All over the world, teams of photovoltaics researchers are devoting significant efforts to a race to the top in terms of device efficiency. For some solar cell applications, the efficiency is very important, but for many applications in wearable electronics, other factors such as cost, weight, and processability are of even higher importance, and by concentrating efforts on device design and integration, these types of applications can be realized without the need for world-beating efficiencies.
Alexander Colsmann and his colleagues at Karlsruhe Institute of Technology use exactly these principles to design and build a set of “solar glasses”, which integrate transparent solar cells into the lenses and electronics into the frames, to measure and display the instantaneous light intensity and ambient temperature. This successful demonstration also serves as a proof of concept of a design that could use solar energy to power a multitude of other functions in wearable electronics.
First author Dominik Landerer and the research team used a combination of commercially available thiophene- and fullerene-based polymers to form the solar cells, where their properties of light weight, processability, transparency, and low-light performance are put on full display. The low-light performance is of paramount importance because the solar glasses are designed to be fully functional even under office lighting indoors (500 lux). To drive this point home, the research team showed that the efficiency of their solar cells actually increased under 0.01 suns illumination intensity, in comparison to the the performance at the commonly used intensity at 1 sun.

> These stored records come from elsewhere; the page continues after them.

lemma antimono_fixpoint_ex1:
  fixes f :: "real \<Rightarrow> real"
  assumes "antimono f" "continuous_on {0..} f" "0 \<le> f 0"
  shows "\<exists>!x. 0 \<le> x \<and> f x = x"
proof (rule ex_ex1I)
  have "continuous_on {0..f 0} (\<lambda>x. f x - x)"
    by (intro continuous_on_diff continuous_on_id continuous_on_subset[OF assms(2)]) auto
  moreover have "f (f 0) - f 0 \<le> 0"
    using antimonoD[OF assms(1) assms(3)] by simp
  ultimately obtain x where "0 \<le> x" "f x - x = 0"
    using IVT2'[of "\<lambda>x. f x - x" "f 0" 0 0] assms(3) by auto
  then show "\<exists>x. 0 \<le> x \<and> f x = x" by auto
next
  fix x y assume "0 \<le> x \<and> f x = x" "0 \<le> y \<and> f y = y"
  then show "x = y"
    using antimonoD[OF assms(1), of x y] antimonoD[OF assms(1), of y x] by linarith
qed

lemma antimono_fixpoint_le:
  fixes f :: "real \<Rightarrow> real"
  assumes "antimono f" "f b = b" "f x \<le> x"
  shows "b \<le> x"
  using antimonoD[OF assms(1), of x b] assms(2,3) by linarith

lemma antimono_fixpoint_ge:
  fixes f :: "real \<Rightarrow> real"
  assumes "antimono f" "f b = b" "x \<le> f x"
  shows "x \<le> b"
  using antimonoD[OF assms(1), of b x] assms(2,3) by linarith

lemma pos_part_le_of_le_max:
  fixes y a b c :: real
  assumes "y \<le> max a b"
  shows "max 0 (y - c) \<le> max 0 (a - c) + max 0 (b - c)"
  using assms by linarith

lemma abs_pos_part_diff_le:
  fixes y a b :: real
  shows "\<bar>max 0 (y - a) - max 0 (y - b)\<bar> \<le> \<bar>a - b\<bar>"
  by (simp add: max_def abs_if)

lemma abs_ymax_le: "\<bar>ymax n k \<omega>\<bar> \<le> (\<Sum>s\<in>{k<..n}. \<bar>\<omega> s\<bar>)"
proof (cases "{k<..n} = {}")
  case True
  then show ?thesis by (simp add: ymax_def)
next
  case False
  then have "ymax n k \<omega> \<in> \<omega> ` {k<..n}"
    by (auto simp: ymax_def intro!: Max_in)
  then obtain s where "s \<in> {k<..n}" "ymax n k \<omega> = \<omega> s" by blast
  then show ?thesis
    using member_le_sum[of s "{k<..n}" "\<lambda>s. \<bar>\<omega> s\<bar>"] by simp
qed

Each lens is composed of one uninterrupted solar cell to ensure that the vision remains unobstructed, and the power requirements of the microprocessor and circuitry were designed to match the 400 μW that the two lenses generate at low-intensity 500 lux illumination. The solar glasses were then able to operate continuously without the use of batteries for energy storage by continuously generating a steady level of power. With all of the power generated on board, this could open the door for new applications in hearing aids, pedometers, or other wearable electronics, where the end user would not notice any difference to normal prescription glasses or sunglasses, as the fabricated solar glasses are of conventional weight and could in principle be made to personal specifications using corrective lenses. All of this goes to show that the future of wearable electronics may be very bright indeed, and solar glasses may be showing us the way.